Human-Machine Collaborative Learning
We have entered a new era, where we are experiencing a steady and strong improvement of computational power, storage and availability of big data. Deep learning has shown to be the ideal technique for capitalizing on these trends, establishing itself as a de facto standard in supervised learning. However, this type of learning requires the data to be labeled, which generally entails considerable costs in data curation. Therefore, alternative paradigms are emerging that allow to maximize the potential of vast amounts of information in a new and distinct way. In this blog-post we introduce a concept that combines the strengths of humans and machines in a collaborative way. But before going into more details, let’s start with a story demonstrating the benefits of this approach.
In 1997, Garry Kasparov was defeated by a supercomputer (Deep Blue) in a chess match under tournament regulations. It was a hallmark event, where a reigning world chess champion was defeated by a machine. While Kasparov was still recovering from this experience, he also drew inspiration from Deep Blue. He asked himself: “What if I could play against a computer — with another computer at my side — combining our strengths, human intuition plus machine’s calculation, human strategy, machine tactics, human experience, machine’s memory?”

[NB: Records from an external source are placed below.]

lemma tangent_circle_in_tau:
  assumes \<nu>q: "\<nu> ^ q = \<nu>" and "\<nu> \<noteq> 1" and "\<nu> \<noteq> -1" and aq: "a ^ q = a" and "a \<noteq> (0::'a)"
    and b: "b = \<nu>\<^sup>2 * a" and za: "z * z ^ q = a"
  shows "tangent_circle q a z ((1 + \<nu>) / 2) \<in> tau q a b"
    and "tangent_at (tangent_circle q a z ((1 + \<nu>) / 2)) (Bcirc q a) (Some z)"
    and "tangent_at (tangent_circle q a z ((1 + \<nu>) / 2)) (Bcirc q b) (Some (\<nu> * z))"
proof -
  have tq: "((1 + \<nu>) / 2) ^ q = (1 + \<nu>) / 2"
    using half_sum_conj_fixed[OF \<nu>q] .
  have "(1 + \<nu>) / 2 \<noteq> 1" and "(1 + \<nu>) / 2 \<noteq> 0"
    using assms(2,3) unfolding half_sum_eq_iff by simp_all
  then have "is_circle q (tangent_circle q a z ((1 + \<nu>) / 2))"
    and A: "tangent_circle q a z ((1 + \<nu>) / 2) \<inter> Bcirc q a = {Some z}"
    using tangent_circle_is_circle[OF tq _ aq \<open>a \<noteq> 0\<close>]
      tangent_circle_inter_own_Bcirc[OF tq _ aq \<open>a \<noteq> 0\<close> za] by auto
  moreover have B: "tangent_circle q a z ((1 + \<nu>) / 2) \<inter> Bcirc q b = {Some (\<nu> * z)}"
    unfolding b using tangent_circle_inter_scaled_Bcirc[OF \<nu>q assms(3) aq \<open>a \<noteq> 0\<close> za] .
  ultimately show "tangent_circle q a z ((1 + \<nu>) / 2) \<in> tau q a b"
    by (auto simp: tau_def tangential_def)
  show "tangent_at (tangent_circle q a z ((1 + \<nu>) / 2)) (Bcirc q a) (Some z)"
    using A by (simp add: tangent_at_def)
  show "tangent_at (tangent_circle q a z ((1 + \<nu>) / 2)) (Bcirc q b) (Some (\<nu> * z))"
    using B by (simp add: tangent_at_def)
qed

lemma circle2_not_tangent_to_two_Bcircs:
  assumes "s \<noteq> (0::'a)"
    and z: "circle2 q s c \<inter> Bcirc q a = {Some z}" and w: "circle2 q s c \<inter> Bcirc q b = {Some w}"
  shows "a = b"
proof -
  have "Some z \<in> circle2 q s c" and "Some w \<in> circle2 q s c"
    using z w by blast+
  moreover have "s * z ^ q = s ^ q * z" and "s * w ^ q = s ^ q * w"
    using unique_common_point_on_line[OF assms(1) disjI2[OF refl]] z w by blast+
  ultimately have "2 * (s ^ q * z) = c" and "2 * (s ^ q * w) = c"
    by (simp_all add: Some_in_circle2_iff mult.commute)
  then have eq: "(2 * s ^ q) * z = (2 * s ^ q) * w"
    by (simp only: mult.assoc)
  have "2 * s ^ q \<noteq> 0"
    using assms(1) two_nonzero by simp
  from mult_left_cancel[OF this] eq have "z = w"
    by blast
  moreover have "Some z \<in> Bcirc q a" and "Some w \<in> Bcirc q b"
    using z w by blast+
  ultimately show ?thesis
    by (simp add: Some_in_Bcirc_iff)
qed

Kasparov’s idea of human-machine collaboration in chess was realized successfully in 2005 in a computer-assisted online chess tournament where grandmasters teamed up with supercomputers. The result was quite unexpected: the winners were a pair of amateur American chess players operating three ordinary PCs simultaneously. Seemingly, in this case the players’ skill to guide the computers played a very important role. This gives rise to the question whether such kind of collaboration can also be used for other tasks. The following paragraphs will shed light on emerging approaches in this context.
Approaches and Trends
Machines as Co-Workers, not only Tools
When comparing humans and machines, it is evident that both sides have very unique characteristics and strengths. Humans are great at making intuitive and creative decisions based on their knowledge. Computers are good at processing vast amounts of data to produce condensed meaningful information for deriving new knowledge and making better decisions. Capitalizing on the synergy of these distinctive strengths seems to be a natural next step.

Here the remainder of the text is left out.